In questo viaggio sono stato attento a non farmi prendere dalla “smania dell’arrivo” tranquillo per essermi tenuto a disposizione un paio di giorni extra per concludere il Cammino. Avere pero’ sotto gli occhi costantemente il contachilometri che ti indica quanti ne hai fatti, quanti ne mancano, ecc ecc di certo non aiuta. O per lo meno, non a me.

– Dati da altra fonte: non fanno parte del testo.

section \<open>The maximal trees\<close>

lemma expM2_tree_dominating_edge_less:
  assumes t: "is_tree V E" and uv: "adj E u v" and dom: "degree E u + degree E v = card V"
    and "4 \<le> card V" and unbalanced: "degree E u * degree E v \<noteq> (card V)\<^sup>2 div 4"
  shows "expM2 E < exp (real ((card V)\<^sup>2 div 4)) + 2 * exp 2"
proof -
  let ?n = "card V" and ?du = "degree E u" and ?dv = "degree E v"
  have "{u, v} \<in> E" using uv by (simp add: adj_def)
  then have pos: "1 \<le> ?du" "1 \<le> ?dv"
    using degree_pos[OF tree_simple_graph[OF t]] by (simp_all add: Suc_le_eq)
  have "?du * ?dv \<le> ?n\<^sup>2 div 4 - 1"
    using mult_le_square_div_4[of ?du ?dv ?n] dom unbalanced by simp
  then have center: "exp (real (?du * ?dv)) \<le> exp (real (?n\<^sup>2 div 4 - 1))"
    by (simp only: exp_le_cancel_iff of_nat_le_iff)
  have pendants: "real (?du - 1) * exp (real ?du) \<le> real (?du - 1) * exp (real (?n - 1))"
    "real (?dv - 1) * exp (real ?dv) \<le> real (?dv - 1) * exp (real (?n - 1))"
    using dom pos by (intro mult_left_mono; simp)+
  have count: "real (?du - 1) + real (?dv - 1) = real (?n - 2)" using dom pos by simp
  have "expM2 E \<le> exp (real (?du * ?dv))
      + real (?du - 1) * exp (real ?du) + real (?dv - 1) * exp (real ?dv)"
    by (rule expM2_tree_dominating_edge_le[OF t uv dom])
  also have "\<dots> \<le> exp (real (?n\<^sup>2 div 4 - 1))
      + real (?du - 1) * exp (real (?n - 1)) + real (?dv - 1) * exp (real (?n - 1))"
    using center pendants by (intro add_mono)
  also have "\<dots> = real (?n - 2) * exp (real (?n - 1)) + exp (real (?n\<^sup>2 div 4 - 1))"
    unfolding count[symmetric] by (simp add: algebra_simps)
  also have "\<dots> < exp (real (?n\<^sup>2 div 4)) + 2 * exp 2"
    using exp_dominating_edge_bound_less \<open>4 \<le> card V\<close> by blast
  finally show ?thesis .
qed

Ho pedalato cosi senza alcuna fretta per diverse ore prima di fermarmi e fare la prima pausa. La tappa di oggi e’ quasi tutta in salita: mi aspetta un passo di montagna che mi portera’ alla Cruz de Ferro, a 1.500 m di quota, il punto piu’ alto del Cammino di Santiago. Non so ancora se ci arrivero’ in giornata o se mi fermero’ a dormire prima; la strada e’ lunga, si vedra’ lungo il percorso…
(foto panoramica, clicca per ingrandire)

La giornata e’ splendida e procedo bene. Anche il paesaggio aiuta: le pianure sconfinate me le sono lasciate alle spalle e qui, man mano che salgo, mi sento sempre piu’ in un ambiente familiare, di montagna…

E’ primo pomeriggio e sono a quota 1.000 m. Dalle indicazioni sui cartelli e dalle mie carte, vedo che mancano ancora 15 km di salita e 500 metri di dislivello per arrivare a destinazione: decido di andare!
Il sole batte forte e la salita e’ bella impegnativa ma io mi sento alla grande e vado avanti senza problemi. Un tornante dopo l’altro e finalmente vedo la cima del passo e la famosa “Croce di ferro”…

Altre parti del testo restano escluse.